By changing, I mean I have no control over what those changed $O(\sqrt{d})$ coefficients would be. Now of course, if the constant term becomes zero after change, then we will have $x$ as a factor, and hence reducible. Say, I am okay with such changes. In other words, is there an explicit polynomial $f(x)$ such that after change, it becomes $x^i.f^{\prime}(x)$, where $f^{\prime}(x)$ is irreducible and $i \geq 0$.
I was thinking to start with a polynomial with different prime numbers as coefficients that satisfies Eisenstein's or some irreducibility criterion, so that it becomes easier to argue irreducibility after change also, by looking at remaining $d-O(\sqrt{d})$ coefficients. But, I was unable to find any irreducibility criterion that is compatible with change of coefficients.
Any positive or negative answer to the above question is appreciated, in fact, for $f \in \mathbb{F}[x]$, where $\mathbb{F}$ is any field.
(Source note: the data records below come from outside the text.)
(* Let $k\ge 2$ and let $\mathbb{R}^+=H_1\sqcup\cdots\sqcup H_k$ be a partition of the positive reals into pairwise disjoint nonempty subsets, each closed under addition and multiplication. Then at least one of the sets $H_i$ is not Lebesgue measurable. *)

theory Defs
  imports "HOL-Analysis.Analysis"
begin

end

theory Submission
  imports Defs
begin

(* If all H i were measurable, some H i would have positive measure, and by Steinhaus' theorem
   H i + H i \<subseteq> H i would contain an interval (\<alpha>, \<beta>). For x in another class H j and a
   rational p / r with p x / r in (\<alpha>, \<beta>), the point p x lies in H j, and also in H i as r times
   an element of the interval: the classes are not disjoint.

   Steinhaus' theorem comes from a density argument: a compact C of positive measure lies in an
   open U with measure U < 4/3 measure C; the cells of a grid finer than dist(C, -U) that meet C
   lie in U, so C has density above 3/4 in some interval I, and then C \<inter> I meets its reflection
   s - (C \<inter> I) for every s near twice the midpoint of I. *)

lemma lmeasurable_outer_open:
  assumes "S \<in> lmeasurable" "e > 0"
  obtains U where "open U" "S \<subseteq> U" "U \<in> lmeasurable"
    and "measure lebesgue U < measure lebesgue S + e"
proof -
  obtain U where U: "open U" "S \<subseteq> U" "U - S \<in> lmeasurable"
    and small: "emeasure lebesgue (U - S) < ennreal e"
    using sets_lebesgue_outer_open[of S e] assms by auto
  have "U = S \<union> (U - S)" using U(2) by auto
  then have "U \<in> lmeasurable" "measure lebesgue U = measure lebesgue S + measure lebesgue (U - S)"
    using measure_Un3[OF assms(1) U(3)] assms(1) U(3)
    by (metis fmeasurable.Un, simp add: Int_Diff_disjoint)
  moreover have "measure lebesgue (U - S) < e"
    using U(3) small assms(2) by (metis emeasure_eq_measure2 ennreal_less_iff measure_nonneg)
  ultimately show ?thesis using U(1,2) that by auto
qed

lemma not_negligible_imp_compact_subset:
  assumes "S \<in> sets lebesgue" "\<not> negligible S"
  obtains C where "compact C" "C \<subseteq> S" "\<not> negligible C"
proof -
  obtain K C where "negligible K" "\<And>n::nat. compact (C n)" "S = (\<Union>n. C n) \<union> K"
    using lebesgue_regular_inner[OF assms(1)] by metis
  moreover have "C n \<subseteq> S" for n using \<open>S = _\<close> by blast
  moreover have "\<exists>n. \<not> negligible (C n)"
  proof (rule ccontr)
    assume "\<not> (\<exists>n. \<not> negligible (C n))"
    then have "negligible (\<Union>n. C n)" by (intro negligible_countable_Union) auto
    then show False using assms(2) \<open>negligible K\<close> \<open>S = _\<close> by simp
  qed
  ultimately show ?thesis using that by blast
qed

lemma compact_has_dense_interval:
  fixes K U :: "real set"
  assumes "compact K" "open U" "K \<subseteq> U" "U \<in> lmeasurable"
    and "\<theta> * measure lebesgue U < measure lebesgue K"
  shows "\<exists>c d. 0 < d \<and> \<theta> * d < measure lebesgue (K \<inter> {c..c+d})"
proof (rule ccontr)
  assume "\<not> ?thesis"
  then have sparse: "measure lebesgue (K \<inter> {c..c+d}) \<le> \<theta> * d" if "0 < d" for c d
    using that by (meson not_less)
  have "0 \<le> \<theta>" using sparse[of 1 0] measure_nonneg[of lebesgue] by (smt (verit))
  have "closed (- U)" "K \<inter> - U = {}" using assms(2,3) by auto
  then obtain \<delta> where "0 < \<delta>" and \<delta>: "\<forall>x\<in>K. \<forall>y\<in>- U. \<delta> \<le> dist x y"
    using separate_compact_closed[OF \<open>compact K\<close>] by blast
  obtain a where "K \<subseteq> cbox (-a) a"
    using bounded_subset_cbox_symmetric[OF compact_imp_bounded[OF \<open>compact K\<close>]] by blast
  then have K_sub: "K \<subseteq> {-a..a}" by simp
  define e where "e = \<delta> / 2"
  have "0 < e" "e < \<delta>" using \<open>0 < \<delta>\<close> by (auto simp: e_def)
  define cell where "cell m = {x. \<lfloor>x / e\<rfloor> = m}" for m :: int
  have cell_eq: "cell m = {m * e ..< m * e + e}" for m
    using \<open>0 < e\<close> by (auto simp: cell_def floor_eq_iff field_simps)
  have cell: "cell m \<in> lmeasurable" "measure lebesgue (cell m) = e" for m
    unfolding cell_eq using \<open>0 < e\<close>
    by (auto intro: bounded_set_imp_lmeasurable simp: measure_completion)
  define M where "M = (\<lambda>x. \<lfloor>x / e\<rfloor>) ` K"
  have "M \<subseteq> {\<lfloor>-a / e\<rfloor> .. \<lfloor>a / e\<rfloor>}"
  proof
    fix m assume "m \<in> M"
    then obtain x where "m = \<lfloor>x / e\<rfloor>" "-a \<le> x" "x \<le> a" using K_sub by (auto simp: M_def)
    then show "m \<in> {\<lfloor>-a / e\<rfloor> .. \<lfloor>a / e\<rfloor>}"
      using \<open>0 < e\<close> by (auto intro!: floor_mono simp: divide_right_mono field_simps)
  qed
  then have "finite M" by (rule finite_subset) simp
  have cells_disjoint: "pairwise (\<lambda>m n. disjnt (cell m) (cell n)) M"
    by (auto simp: pairwise_def disjnt_def cell_def)
  have K_eq: "K = (\<Union>m\<in>M. K \<inter> cell m)" by (auto simp: M_def cell_def)
  have cells_in_U: "cell m \<subseteq> U" if m: "m \<in> M" for m
  proof
    fix y assume "y \<in> cell m"
    obtain x where "x \<in> K" "x \<in> cell m" using m by (auto simp: M_def cell_def)
    then have "dist x y < \<delta>"
      using \<open>y \<in> cell m\<close> \<open>e < \<delta>\<close> by (auto simp: cell_eq dist_real_def abs_less_iff)
    then show "y \<in> U" using \<delta> \<open>x \<in> K\<close> by force
  qed
  have K_cell: "K \<inter> cell m \<in> lmeasurable" for m
    using cell lmeasurable_compact[OF \<open>compact K\<close>] by blast
  have "measure lebesgue K = measure lebesgue (\<Union>m\<in>M. K \<inter> cell m)"
    using K_eq by (rule arg_cong)
  also have "\<dots> = (\<Sum>m\<in>M. measure lebesgue (K \<inter> cell m))"
    using \<open>finite M\<close> K_cell cells_disjoint
    by (intro measure_UNION') (auto simp: pairwise_def disjnt_def)
  also have "\<dots> \<le> (\<Sum>m\<in>M. \<theta> * e)"
  proof (rule sum_mono)
    fix m
    have "K \<inter> cell m \<subseteq> K \<inter> {m * e .. m * e + e}" by (auto simp: cell_eq)
    then have "measure lebesgue (K \<inter> cell m) \<le> measure lebesgue (K \<inter> {m * e .. m * e + e})"
      using \<open>compact K\<close> K_cell
      by (intro measure_mono_fmeasurable) (auto intro: lmeasurable_compact compact_Int_closed)
    also have "\<dots> \<le> \<theta> * e" using sparse \<open>0 < e\<close> by blast
    finally show "measure lebesgue (K \<inter> cell m) \<le> \<theta> * e" .
  qed
  also have "\<dots> = \<theta> * measure lebesgue (\<Union>m\<in>M. cell m)"
    using measure_UNION'[OF \<open>finite M\<close> cell(1) cells_disjoint]
    by (simp add: cell sum_distrib_left)
  also have "\<dots> \<le> \<theta> * measure lebesgue U"
    using cells_in_U cell(1) \<open>finite M\<close> \<open>U \<in> lmeasurable\<close> \<open>0 \<le> \<theta>\<close>
    by (intro mult_left_mono measure_mono_fmeasurable) auto
  finally show False using assms(5) by linarith
qed

lemma dense_subset_meets_reflection:
  fixes B :: "real set"
  assumes "compact B" and B_sub: "B \<subseteq> {c..c+d}" and dense: "3/4 * d < measure lebesgue B"
    and s: "s \<in> {2*c + 3/4*d <..< 2*c + 5/4*d}"
  shows "\<exists>y\<in>B. s - y \<in> B"
proof (rule ccontr)
  assume no_meet: "\<not> (\<exists>y\<in>B. s - y \<in> B)"
  define R where "R = (\<lambda>y. s - y) ` B"
  have disjoint: "B \<inter> R = {}" using no_meet by (auto simp: R_def)
  have "R = (\<lambda>y. (-1) *\<^sub>R y + s) ` B" by (auto simp: R_def)
  then have "measure lebesgue R = measure lebesgue B"
    using measure_lebesgue_affine[of "-1" s B] by simp
  have B: "B \<in> lmeasurable" and R: "R \<in> lmeasurable"
    using \<open>compact B\<close> unfolding R_def
    by (auto intro!: lmeasurable_compact compact_continuous_image continuous_intros)
  have "B \<union> R \<subseteq> {c - d/4 .. c + 5/4*d}"
  proof -
    have "s - y \<in> {c - d/4 .. c + 5/4*d}" if "y \<in> B" for y
    proof -
      have "c \<le> y" "y \<le> c + d" using B_sub that by auto
      then show ?thesis using s by simp
    qed
    then show ?thesis using B_sub s by (auto simp: R_def)
  qed
  then have "measure lebesgue (B \<union> R) \<le> 3/2 * d"
    using B R s measure_mono_fmeasurable[of "B \<union> R" "{c - d/4 .. c + 5/4*d}" lebesgue]
    by auto
  moreover have "measure lebesgue (B \<union> R) = 2 * measure lebesgue B"
    using measure_Un3[OF B R] disjoint \<open>measure lebesgue R = _\<close> by simp
  ultimately show False using dense by linarith
qed

lemma Steinhaus_sumset:
  fixes A :: "real set"
  assumes "A \<in> sets lebesgue" "\<not> negligible A"
  shows "\<exists>\<alpha> \<beta>. \<alpha> < \<beta> \<and> {\<alpha><..<\<beta>} \<subseteq> {x + y | x y. x \<in> A \<and> y \<in> A}"
proof -
  obtain C where "compact C" "C \<subseteq> A" "\<not> negligible C"
    using not_negligible_imp_compact_subset[OF assms] by blast
  have "C \<in> lmeasurable" using \<open>compact C\<close> by (rule lmeasurable_compact)
  with \<open>\<not> negligible C\<close> have "0 < measure lebesgue C"
    by (simp add: negligible_iff_measure zero_less_measure_iff)
  then have "0 < measure lebesgue C / 3" by simp
  then obtain U where U: "open U" "C \<subseteq> U" "U \<in> lmeasurable"
    and "measure lebesgue U < measure lebesgue C + measure lebesgue C / 3"
    using lmeasurable_outer_open[OF \<open>C \<in> lmeasurable\<close>] by blast
  then have "3/4 * measure lebesgue U < measure lebesgue C" by linarith
  then obtain c d where "0 < d" and dense: "3/4 * d < measure lebesgue (C \<inter> {c..c+d})"
    using compact_has_dense_interval[OF \<open>compact C\<close> U] by blast
  have "{2*c + 3/4*d <..< 2*c + 5/4*d} \<subseteq> {x + y | x y. x \<in> A \<and> y \<in> A}"
  proof
    fix s assume "s \<in> {2*c + 3/4*d <..< 2*c + 5/4*d}"
    then obtain y where "y \<in> C" "s - y \<in> C"
      using dense_subset_meets_reflection[of "C \<inter> {c..c+d}" c d s] dense \<open>compact C\<close>
      by (auto simp: compact_Int_closed)
    then show "s \<in> {x + y | x y. x \<in> A \<and> y \<in> A}"
      using \<open>C \<subseteq> A\<close> by force
  qed
  moreover have "2*c + 3/4*d < 2*c + 5/4*d" using \<open>0 < d\<close> by simp
  ultimately show ?thesis by blast
qed

lemma add_closed_of_nat_mult:
  fixes S :: "'a::semiring_1 set"
  assumes add: "\<And>x y. x \<in> S \<Longrightarrow> y \<in> S \<Longrightarrow> x + y \<in> S" and z: "z \<in> S" and n: "n \<ge> 1"
  shows "of_nat n * z \<in> S"
  using n
proof (induction n rule: dec_induct)
  case base
  then show ?case using z by simp
next
  case (step m)
  then show ?case using add[OF step.IH z] by (simp add: algebra_simps)
qed

lemma add_closed_pos_sets_meet:
  fixes S T :: "real set"
  assumes S_pos: "S \<subseteq> {0<..}" and T_pos: "T \<subseteq> {0<..}" and "T \<noteq> {}"
    and add_S: "\<And>x y. x \<in> S \<Longrightarrow> y \<in> S \<Longrightarrow> x + y \<in> S"
    and add_T: "\<And>x y. x \<in> T \<Longrightarrow> y \<in> T \<Longrightarrow> x + y \<in> T"
    and "\<alpha> < \<beta>" and interval: "{\<alpha><..<\<beta>} \<subseteq> S"
  shows "S \<inter> T \<noteq> {}"
proof -
  obtain x where x: "x \<in> T" "0 < x" using \<open>T \<noteq> {}\<close> T_pos by blast
  have "(\<alpha> + \<beta>) / 2 \<in> S" using interval \<open>\<alpha> < \<beta>\<close> by auto
  then have "0 < \<beta>" using S_pos \<open>\<alpha> < \<beta>\<close> by force
  then obtain q where q: "q \<in> \<rat>" "max \<alpha> 0 / x < q" "q < \<beta> / x"
    using Rats_dense_in_real[of "max \<alpha> 0 / x" "\<beta> / x"] \<open>\<alpha> < \<beta>\<close> x(2)
    by (auto simp: divide_strict_right_mono)
  obtain p r :: nat where "r \<noteq> 0" and "\<bar>q\<bar> = real p / real r"
    using Rats_abs_nat_div_natE[OF q(1)] by metis
  moreover have "0 < q" using q(2) x(2) by (smt (verit) divide_nonneg_pos)
  ultimately have q_eq: "q = real p / real r" and "p \<ge> 1" "r \<ge> 1"
    by (auto simp: zero_less_divide_iff)
  have "q * x \<in> {\<alpha><..<\<beta>}" using q x(2) by (auto simp: field_simps)
  then have "real r * (q * x) \<in> S"
    using add_closed_of_nat_mult[OF add_S _ \<open>r \<ge> 1\<close>] interval by blast
  moreover have "real p * x \<in> T"
    using add_closed_of_nat_mult[OF add_T x(1) \<open>p \<ge> 1\<close>] .
  moreover have "real r * (q * x) = real p * x" using q_eq \<open>r \<ge> 1\<close> by simp
  ultimately show ?thesis by auto
qed

theorem theorem3p3:
  fixes k :: nat and H :: "nat \<Rightarrow> real set"
  assumes "k \<ge> 2"
    and "(\<Union>i\<in>{1..k}. H i) = {x. x > 0}"
    and "\<And>i j. i \<in> {1..k} \<Longrightarrow> j \<in> {1..k} \<Longrightarrow> i \<noteq> j \<Longrightarrow> H i \<inter> H j = {}"
    and "\<And>i. i \<in> {1..k} \<Longrightarrow> H i \<noteq> {}"
    and "\<And>i x y. i \<in> {1..k} \<Longrightarrow> x \<in> H i \<Longrightarrow> y \<in> H i \<Longrightarrow> x + y \<in> H i"
    and "\<And>i x y. i \<in> {1..k} \<Longrightarrow> x \<in> H i \<Longrightarrow> y \<in> H i \<Longrightarrow> x * y \<in> H i"
  shows "\<exists>i\<in>{1..k}. H i \<notin> sets lebesgue"
proof (rule ccontr)
  assume all_measurable: "\<not> ?thesis"
  have H_pos: "H i \<subseteq> {0<..}" if "i \<in> {1..k}" for i using assms(2) that by auto
  have "\<not> negligible {0::real<..}" by (rule open_not_negligible) auto
  then have "\<not> negligible (\<Union>i\<in>{1..k}. H i)" using assms(2) by (simp add: greaterThan_def)
  then obtain i where i: "i \<in> {1..k}" "\<not> negligible (H i)"
    using negligible_Union[of "H ` {1..k}"] by (metis finite_atLeastAtMost finite_imageI imageE)
  have "H i \<in> sets lebesgue" using all_measurable i(1) by blast
  then obtain \<alpha> \<beta> where "\<alpha> < \<beta>"
    and interval: "{\<alpha><..<\<beta>} \<subseteq> {x + y | x y. x \<in> H i \<and> y \<in> H i}"
    using Steinhaus_sumset i(2) by blast
  have "{x + y | x y. x \<in> H i \<and> y \<in> H i} \<subseteq> H i" using assms(5)[OF i(1)] by blast
  with interval have "{\<alpha><..<\<beta>} \<subseteq> H i" by (rule subset_trans)
  define j where "j = (if i = 1 then 2 else 1 :: nat)"
  have j: "j \<in> {1..k}" "i \<noteq> j" using assms(1) i(1) by (auto simp: j_def)
  have "H i \<inter> H j \<noteq> {}"
    by (rule add_closed_pos_sets_meet[OF H_pos[OF i(1)] H_pos[OF j(1)] assms(4)[OF j(1)]
          assms(5)[OF i(1)] assms(5)[OF j(1)] \<open>\<alpha> < \<beta>\<close> \<open>{\<alpha><..<\<beta>} \<subseteq> H i\<close>])
  then show False using assms(3)[OF i(1) j] by blast
qed

end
I also don't mind if there is a result which is not precisely $O(\sqrt{d})$ coefficients but is anything of this flavor that after perturbation of some of its coefficients, the polynomial remains irreducible.
Let $d$ be an integer with $d\ge 2$, and let $f\in \mathbb{Z}[x]$ be irreducible with $\deg(f)=d$.
Write $f={\displaystyle{\sum_{k=0}^d a_kx^k}}$.
Let $b_1=a_1-f(1)$, and let $g$ be the polynomial obtained from $f$ by replacing the term $a_1x$ by the term $b_1x$.
Then $g=f+(b_1x-a_1x)$, hence $g(1)=f(1)+(b_1-a_1)=0$, so $g$ is reducible.
Note that in the transition from $f$ to $g$, only one coefficient was changed.